__Exercise details__:
Every line of the records below from the line with "factor, the Fourier" up to and including the line with "complex_of_real (w \<bullet>" must be reproduced exactly, and no line outside that range.

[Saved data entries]
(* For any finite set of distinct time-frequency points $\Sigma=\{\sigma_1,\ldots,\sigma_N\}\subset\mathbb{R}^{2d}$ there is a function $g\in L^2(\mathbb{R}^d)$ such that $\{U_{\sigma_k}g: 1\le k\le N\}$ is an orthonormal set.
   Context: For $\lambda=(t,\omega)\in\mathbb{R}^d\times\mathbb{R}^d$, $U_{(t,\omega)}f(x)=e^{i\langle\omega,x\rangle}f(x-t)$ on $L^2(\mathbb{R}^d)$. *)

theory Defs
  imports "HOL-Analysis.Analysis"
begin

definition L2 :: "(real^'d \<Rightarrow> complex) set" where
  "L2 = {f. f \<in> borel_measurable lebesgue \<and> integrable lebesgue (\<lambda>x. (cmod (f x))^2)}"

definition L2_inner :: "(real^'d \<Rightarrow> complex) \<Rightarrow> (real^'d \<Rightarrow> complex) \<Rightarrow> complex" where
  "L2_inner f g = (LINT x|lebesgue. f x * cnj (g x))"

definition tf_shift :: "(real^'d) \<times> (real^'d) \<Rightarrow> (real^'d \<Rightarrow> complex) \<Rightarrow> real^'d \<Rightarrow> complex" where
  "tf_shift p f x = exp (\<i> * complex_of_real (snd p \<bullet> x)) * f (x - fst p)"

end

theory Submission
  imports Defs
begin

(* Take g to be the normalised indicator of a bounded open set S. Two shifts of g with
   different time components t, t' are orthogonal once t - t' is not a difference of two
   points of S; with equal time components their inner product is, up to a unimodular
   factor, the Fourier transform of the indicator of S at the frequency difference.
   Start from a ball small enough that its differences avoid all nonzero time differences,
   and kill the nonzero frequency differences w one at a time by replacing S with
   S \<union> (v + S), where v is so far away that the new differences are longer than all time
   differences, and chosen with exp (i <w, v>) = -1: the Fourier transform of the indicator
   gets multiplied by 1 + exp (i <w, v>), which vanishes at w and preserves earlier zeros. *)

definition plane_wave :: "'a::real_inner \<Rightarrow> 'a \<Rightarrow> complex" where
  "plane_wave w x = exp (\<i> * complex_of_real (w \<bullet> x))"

...

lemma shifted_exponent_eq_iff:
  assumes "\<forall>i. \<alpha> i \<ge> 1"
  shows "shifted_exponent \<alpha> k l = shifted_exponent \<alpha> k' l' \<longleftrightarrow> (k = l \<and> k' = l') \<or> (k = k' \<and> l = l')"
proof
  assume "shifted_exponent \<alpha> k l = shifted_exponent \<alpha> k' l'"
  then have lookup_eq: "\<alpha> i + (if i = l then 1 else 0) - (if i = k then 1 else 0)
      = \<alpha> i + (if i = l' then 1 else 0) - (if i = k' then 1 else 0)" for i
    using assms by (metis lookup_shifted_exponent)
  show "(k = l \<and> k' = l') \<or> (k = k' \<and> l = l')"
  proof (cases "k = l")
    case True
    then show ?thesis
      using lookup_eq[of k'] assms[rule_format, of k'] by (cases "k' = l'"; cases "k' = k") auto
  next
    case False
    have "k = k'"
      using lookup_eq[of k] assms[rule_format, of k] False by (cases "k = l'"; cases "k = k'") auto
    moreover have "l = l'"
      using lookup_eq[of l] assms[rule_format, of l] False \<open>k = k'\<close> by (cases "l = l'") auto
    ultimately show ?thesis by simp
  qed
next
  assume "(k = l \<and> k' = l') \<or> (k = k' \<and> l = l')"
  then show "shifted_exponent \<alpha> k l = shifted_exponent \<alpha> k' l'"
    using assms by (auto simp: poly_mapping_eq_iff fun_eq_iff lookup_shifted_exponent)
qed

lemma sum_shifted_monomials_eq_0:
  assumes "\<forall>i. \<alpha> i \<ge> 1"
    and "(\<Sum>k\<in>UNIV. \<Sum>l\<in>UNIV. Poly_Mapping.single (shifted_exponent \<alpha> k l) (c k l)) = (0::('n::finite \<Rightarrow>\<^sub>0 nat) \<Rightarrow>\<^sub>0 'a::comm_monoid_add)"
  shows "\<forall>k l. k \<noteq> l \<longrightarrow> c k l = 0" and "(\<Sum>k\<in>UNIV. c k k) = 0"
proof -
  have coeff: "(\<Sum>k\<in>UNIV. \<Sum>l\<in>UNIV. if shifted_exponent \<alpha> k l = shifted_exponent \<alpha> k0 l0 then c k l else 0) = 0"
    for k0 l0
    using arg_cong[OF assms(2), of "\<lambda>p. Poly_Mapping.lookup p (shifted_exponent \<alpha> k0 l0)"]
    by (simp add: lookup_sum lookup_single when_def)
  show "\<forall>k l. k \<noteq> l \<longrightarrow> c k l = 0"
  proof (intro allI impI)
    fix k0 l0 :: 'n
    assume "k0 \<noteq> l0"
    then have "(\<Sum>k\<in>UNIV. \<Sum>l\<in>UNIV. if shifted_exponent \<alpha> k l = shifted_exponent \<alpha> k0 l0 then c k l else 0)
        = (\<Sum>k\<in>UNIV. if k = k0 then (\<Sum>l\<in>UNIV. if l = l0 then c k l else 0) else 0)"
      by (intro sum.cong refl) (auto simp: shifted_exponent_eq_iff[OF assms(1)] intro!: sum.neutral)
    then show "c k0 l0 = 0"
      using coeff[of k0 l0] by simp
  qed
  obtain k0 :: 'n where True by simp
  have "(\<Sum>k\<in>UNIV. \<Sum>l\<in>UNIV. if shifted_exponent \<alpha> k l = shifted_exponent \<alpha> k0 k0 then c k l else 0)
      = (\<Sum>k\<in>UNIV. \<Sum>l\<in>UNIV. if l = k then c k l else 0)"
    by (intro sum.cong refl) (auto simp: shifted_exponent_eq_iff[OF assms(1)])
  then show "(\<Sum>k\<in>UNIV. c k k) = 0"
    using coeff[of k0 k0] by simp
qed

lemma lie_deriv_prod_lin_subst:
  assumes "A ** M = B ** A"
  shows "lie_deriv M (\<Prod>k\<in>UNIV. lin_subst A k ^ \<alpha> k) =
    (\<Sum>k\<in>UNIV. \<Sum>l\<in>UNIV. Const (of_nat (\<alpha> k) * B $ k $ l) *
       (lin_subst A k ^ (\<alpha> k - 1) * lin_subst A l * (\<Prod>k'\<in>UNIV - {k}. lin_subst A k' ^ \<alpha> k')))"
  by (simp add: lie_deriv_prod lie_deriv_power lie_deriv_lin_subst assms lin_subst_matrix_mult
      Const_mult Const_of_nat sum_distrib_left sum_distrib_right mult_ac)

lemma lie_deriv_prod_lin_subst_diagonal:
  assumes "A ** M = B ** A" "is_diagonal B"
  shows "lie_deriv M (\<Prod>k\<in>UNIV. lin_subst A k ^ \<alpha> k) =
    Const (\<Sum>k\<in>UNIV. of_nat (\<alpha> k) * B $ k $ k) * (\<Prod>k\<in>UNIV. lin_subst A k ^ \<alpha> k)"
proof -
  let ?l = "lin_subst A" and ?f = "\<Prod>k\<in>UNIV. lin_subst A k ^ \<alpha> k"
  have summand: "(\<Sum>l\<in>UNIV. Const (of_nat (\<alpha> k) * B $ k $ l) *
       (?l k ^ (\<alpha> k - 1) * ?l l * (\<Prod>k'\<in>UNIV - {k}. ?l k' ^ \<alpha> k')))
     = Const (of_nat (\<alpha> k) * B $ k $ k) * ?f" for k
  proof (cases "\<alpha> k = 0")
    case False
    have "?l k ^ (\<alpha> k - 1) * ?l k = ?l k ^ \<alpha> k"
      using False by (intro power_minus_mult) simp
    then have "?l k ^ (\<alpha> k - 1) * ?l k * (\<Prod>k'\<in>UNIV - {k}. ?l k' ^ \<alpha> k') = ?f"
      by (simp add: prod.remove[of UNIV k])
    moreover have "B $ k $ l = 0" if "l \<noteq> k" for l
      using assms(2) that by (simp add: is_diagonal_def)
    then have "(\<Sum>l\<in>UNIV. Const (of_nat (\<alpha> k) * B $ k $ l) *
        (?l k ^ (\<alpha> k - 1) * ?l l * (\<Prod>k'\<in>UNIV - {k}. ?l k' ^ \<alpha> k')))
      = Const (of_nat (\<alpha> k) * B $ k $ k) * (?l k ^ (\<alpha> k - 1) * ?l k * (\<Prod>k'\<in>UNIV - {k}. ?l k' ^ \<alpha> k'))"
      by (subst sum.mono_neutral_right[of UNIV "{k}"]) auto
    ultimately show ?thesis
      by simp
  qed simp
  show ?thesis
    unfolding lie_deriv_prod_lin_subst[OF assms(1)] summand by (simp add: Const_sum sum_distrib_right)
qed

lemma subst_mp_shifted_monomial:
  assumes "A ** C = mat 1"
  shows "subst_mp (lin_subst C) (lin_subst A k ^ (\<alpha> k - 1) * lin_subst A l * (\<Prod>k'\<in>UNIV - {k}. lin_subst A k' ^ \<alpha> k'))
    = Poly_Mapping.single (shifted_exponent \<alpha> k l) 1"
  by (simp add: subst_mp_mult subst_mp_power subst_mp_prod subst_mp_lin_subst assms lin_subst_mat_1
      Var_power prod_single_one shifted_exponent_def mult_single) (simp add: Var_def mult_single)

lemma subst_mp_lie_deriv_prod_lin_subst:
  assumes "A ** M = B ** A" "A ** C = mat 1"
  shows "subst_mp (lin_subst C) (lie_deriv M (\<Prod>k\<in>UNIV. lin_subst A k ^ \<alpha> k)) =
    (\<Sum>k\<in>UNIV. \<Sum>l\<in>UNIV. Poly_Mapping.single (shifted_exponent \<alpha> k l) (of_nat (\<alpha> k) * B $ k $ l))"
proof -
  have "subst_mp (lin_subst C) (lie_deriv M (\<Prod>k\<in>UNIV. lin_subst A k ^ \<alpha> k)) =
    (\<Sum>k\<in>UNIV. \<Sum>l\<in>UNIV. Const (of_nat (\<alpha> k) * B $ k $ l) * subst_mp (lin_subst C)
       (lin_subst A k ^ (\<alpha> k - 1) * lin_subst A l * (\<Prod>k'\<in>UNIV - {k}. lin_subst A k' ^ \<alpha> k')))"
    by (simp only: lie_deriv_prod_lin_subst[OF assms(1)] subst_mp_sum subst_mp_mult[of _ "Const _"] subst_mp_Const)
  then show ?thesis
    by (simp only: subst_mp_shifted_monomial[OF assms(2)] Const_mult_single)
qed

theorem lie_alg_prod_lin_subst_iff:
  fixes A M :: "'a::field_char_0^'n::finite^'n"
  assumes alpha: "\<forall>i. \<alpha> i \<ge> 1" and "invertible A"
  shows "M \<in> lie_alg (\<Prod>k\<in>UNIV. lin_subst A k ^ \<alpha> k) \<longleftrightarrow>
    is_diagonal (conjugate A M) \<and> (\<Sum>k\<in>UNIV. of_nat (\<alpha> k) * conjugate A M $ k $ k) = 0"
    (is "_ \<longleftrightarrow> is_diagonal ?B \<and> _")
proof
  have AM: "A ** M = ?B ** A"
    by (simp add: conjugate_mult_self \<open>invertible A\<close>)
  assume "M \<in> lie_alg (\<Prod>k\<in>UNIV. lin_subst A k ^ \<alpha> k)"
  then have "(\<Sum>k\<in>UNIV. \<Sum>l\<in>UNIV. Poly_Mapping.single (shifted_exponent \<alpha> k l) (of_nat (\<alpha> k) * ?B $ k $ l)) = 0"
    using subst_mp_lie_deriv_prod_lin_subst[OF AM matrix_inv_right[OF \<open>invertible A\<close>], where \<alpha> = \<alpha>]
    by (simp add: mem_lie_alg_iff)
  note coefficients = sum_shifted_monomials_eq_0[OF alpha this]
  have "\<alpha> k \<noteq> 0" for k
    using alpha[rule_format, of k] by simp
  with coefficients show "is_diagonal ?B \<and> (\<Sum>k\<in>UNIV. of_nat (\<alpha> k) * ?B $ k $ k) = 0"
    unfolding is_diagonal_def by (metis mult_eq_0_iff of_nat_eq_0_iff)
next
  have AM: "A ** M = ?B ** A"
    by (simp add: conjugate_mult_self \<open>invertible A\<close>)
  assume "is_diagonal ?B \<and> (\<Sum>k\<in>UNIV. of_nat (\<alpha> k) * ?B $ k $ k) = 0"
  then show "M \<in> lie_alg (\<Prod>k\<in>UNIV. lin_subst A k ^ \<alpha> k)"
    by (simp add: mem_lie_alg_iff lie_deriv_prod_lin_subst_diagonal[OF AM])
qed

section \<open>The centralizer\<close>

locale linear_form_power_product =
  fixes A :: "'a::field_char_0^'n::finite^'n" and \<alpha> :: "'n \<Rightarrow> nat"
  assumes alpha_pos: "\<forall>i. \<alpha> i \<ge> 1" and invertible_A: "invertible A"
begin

__Result__:
   factor, the Fourier transform of the indicator of S at the frequency difference.
   Start from a ball small enough that its differences avoid all nonzero time differences,
   and kill the nonzero frequency differences w one at a time by replacing S with
   S \<union> (v + S), where v is so far away that the new differences are longer than all time
   differences, and chosen with exp (i <w, v>) = -1: the Fourier transform of the indicator
   gets multiplied by 1 + exp (i <w, v>), which vanishes at w and preserves earlier zeros. *)

definition plane_wave :: "'a::real_inner \<Rightarrow> 'a \<Rightarrow> complex" where
  "plane_wave w x = exp (\<i> * complex_of_real (w \<bullet> x))"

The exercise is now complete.